8 Regression Visualizations
ggplot(wdi_regression, aes(x = log_gdp_per_capita, y = life_expectancy)) +
geom_point(alpha = 0.35, color = "#345995") +
geom_smooth(method = "lm", se = TRUE, color = "#c44536") +
labs(
title = "Life Expectancy and GDP per Capita",
x = "Log GDP per capita",
y = "Life expectancy at birth (years)"
)ggplot(wdi_regression, aes(x = health_expenditure, y = life_expectancy)) +
geom_point(alpha = 0.35, color = "#2f6f73") +
geom_smooth(method = "lm", se = TRUE, color = "#c44536") +
labs(
title = "Life Expectancy and Health Expenditure",
x = "Current health expenditure (% of GDP)",
y = "Life expectancy at birth (years)"
)9 Interpretation
The expected signs of the main coefficients are based on economic theory. GDP per capita is expected to have a positive relationship with life expectancy because higher income can improve nutrition, housing, sanitation, and access to medical services. Health expenditure is also expected to be positively related to life expectancy because it reflects investment in health systems. Unemployment and inflation are expected to have negative relationships because they may represent weaker labor market conditions and macroeconomic instability. Urban population share may be positive if urbanization improves access to hospitals, education, and infrastructure, although the effect can vary across countries.

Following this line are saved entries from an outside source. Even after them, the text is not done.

(* Let $\chi_1,\chi_2$ be primitive Dirichlet characters with conductors $q_1,q_2>1$ respectively, such that $\chi_1\chi_2(-1)=1$, and let $N=q_1q_2$. There is an algorithm which, given $\gamma=\begin{pmatrix} a&b\\ c&d\end{pmatrix}\in\Gamma_0(N)$ with $c\geq 1$, computes $S_{\chi_1,\chi_2}(\gamma)$, and whose running time as a function of $\gamma$, for fixed $q_1,q_2$ (equivalently, fixed $\chi_1,\chi_2$), is $O(\log(c))$ in the model of computation described in the context.
   Context: $\Gamma_0(N)$ denotes the subgroup of $\mathrm{SL}_2(\mathbb{Z})$ of matrices $\begin{pmatrix} a&b\\ c&d\end{pmatrix}$ with $c\equiv 0 \pmod N$. Let $B_1(x)=0$ if $x\in\mathbb{Z}$ and $B_1(x)=x-\lfloor x\rfloor-\tfrac12$ otherwise. For $\gamma=\begin{pmatrix} a&b\\ c&d\end{pmatrix}\in\Gamma_0(q_1q_2)$ with $c\ge 1$, the generalized Dedekind sum is $$S_{\chi_1,\chi_2}(\gamma)=\sum_{j=1}^{c}\sum_{i=1}^{q_1}\overline{\chi_2(j)\chi_1(i)}\,B_1\!\left(\frac{j}{c}\right)B_1\!\left(\frac{i}{q_1}+\frac{aj}{c}\right).$$ Model of computation: a multiplication of two $2\times 2$ integer matrices counts as one operation; inverting a matrix in $\mathrm{SL}_2(\mathbb{Z})$ takes constant time; values of Dedekind sums lie in a cyclotomic field and are represented as linear combinations of powers of a fixed root of unity, and addition and multiplication of such values take constant time. Any precomputation that depends only on $\chi_1,\chi_2$ (and not on $\gamma$) is not counted as a function of $\gamma$. *)

theory Defs
  imports Complex_Main
begin

definition dirichlet_char :: "int \<Rightarrow> (int \<Rightarrow> complex) \<Rightarrow> bool" where
  "dirichlet_char q \<chi> \<longleftrightarrow> q \<ge> 1 \<and>
     (\<forall>n. \<chi> (n + q) = \<chi> n) \<and>
     (\<forall>m n. \<chi> (m * n) = \<chi> m * \<chi> n) \<and>
     \<chi> 1 = 1 \<and>
     (\<forall>n. \<chi> n = 0 \<longleftrightarrow> \<not> coprime n q)"
(* Fix a diagram $D\subseteq[n]\times[n]$ and $k,l\in[n]$. Let $\{\widehat{C}^{(i)}\}_{i\in[m]}$ be diagrams with $\widehat{C}^{(i)}\le\widehat{D}$ for each $i$, and write $C^{(i)}=\widehat{C}^{(i)}_{\mathrm{aug}}$. If the polynomials $\Big\{\prod_{j\in[n]}\det\big(Y^{C^{(i)}_j}_{D_j}\big)\Big\}_{i\in[m]}$ are linearly dependent over $\mathbb{C}$, then so are the polynomials $\Big\{\prod_{j\in[n]\setminus\{l\}}\det\big(Y^{\widehat{C}^{(i)}_j}_{\widehat{D}_j}\big)\Big\}_{i\in[m]}$.
   Context: A diagram $D\subseteq[n]\times[n]$ is a set of boxes $(i,j)$ (row $i$, column $j$), identified with its column sequence $(D_1,\dots,D_n)$, $D_j=\{i:(i,j)\in D\}$. For $R,S\subseteq[n]$, $R\le S$ means $\#R=\#S$ and the $k$-th smallest element of $R$ is at most the $k$-th smallest element of $S$ for each $k$; for diagrams $C\le D$ means $C_j\le D_j$ for all $j$. $\widehat{C},\widehat{D}$ denote the diagrams obtained by removing all boxes in row $k$ or column $l$, and $\widehat{C}_{\mathrm{aug}}=\widehat{C}\cup\{(k,i):(k,i)\in D\}\cup\{(i,l):(i,l)\in D\}$. $Y$ is the $n\times n$ upper-triangular matrix with indeterminates $y_{ij}$ ($i\le j$) and zeros below the diagonal; $Y^R_S$ is its submatrix with rows $R$ and columns $S$; the determinant of an empty matrix is $1$. The polynomials live in $\mathbb{C}[y_{ij}: i\le j]$. *)

theory Defs
  imports "HOL-Library.Poly_Mapping" "Jordan_Normal_Form.Determinant" Complex_Main
begin
text \<open>g only sees the diagonal x_i = x_{i+1}, where exchanging the two variables does
  nothing.\<close>
lemma gker_kop_kswap:
  fixes M :: "real \<Rightarrow> real \<Rightarrow> ('r::finite) op2" and f :: "('z::finite, 'r) kernel"
  assumes M: "\<And>y v. Tr2 (M y y *v v) = c * Tr2 v"
    and f: "\<And>xs w. length xs \<noteq> n \<or> length w \<noteq> n \<Longrightarrow> f xs w = 0" and i: "1 \<le> i" "i < n"
  shows "gker i (kop (\<lambda>x1 x2. M (fst x1) (fst x2)) i (kswap i f)) = kscale c (gker i f)"
proof (intro ext)
  fix xs :: "(real \<times> (real^'z)) list" and w :: "'r list"
  have "trace_at i (kop (\<lambda>x1 x2. M (fst x1) (fst x2)) i (kswap i f) (ins_pair (i-1) xs x)) w
      = c * trace_at i (f (ins_pair (i-1) xs x)) w" for x
  proof (cases "i - 1 \<le> length xs \<and> i - 1 \<le> length w")
    case True
    let ?L = "ins_pair (i-1) xs x"
    have L: "?L ! (i-1) = x" "?L ! i = x"
      using True i by (auto simp: nth_ins_pair)
    then have "swap_at i ?L = ?L"
      unfolding swap_at_def by (metis list_update_id)
    then have "kop (\<lambda>x1 x2. M (fst x1) (fst x2)) i (kswap i f) ?L = act_at (M (fst x) (fst x)) i (f ?L)"
      unfolding kop_def kswap_def L by simp
    then show ?thesis
      using trace_at_act_at[of "M (fst x) (fst x)" c i w] M i True by simp
  next
    case False
    then have "f zs u = 0" if "length zs = length xs + 2" "length u = length w + 2" for zs u
      using i that by (intro f) auto
    then show ?thesis
      unfolding kop_def kswap_def trace_at_ins_pair by (simp add: act_at_eq_0)
  qed
  then show "gker i (kop (\<lambda>x1 x2. M (fst x1) (fst x2)) i (kswap i f)) xs w = kscale c (gker i f) xs w"
    unfolding gker_ins_pair kscale_def by simp
qed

This regression is an associational model, not a causal model. The results show whether the selected economic indicators are correlated with life expectancy after controlling for the other variables in the model. A stronger causal analysis would require additional design choices, such as country fixed effects, year fixed effects, instrumental variables, or a more detailed panel-data strategy.
10 Conclusion
This WDI regression dataset is appropriate for the assignment because it has a continuous target variable, more than 500 observations, and more than 5 variables. The analysis focuses on life expectancy as an economic development outcome and studies how income, health investment, labor market conditions, macroeconomic stability, and urbanization are associated with differences in life expectancy across countries.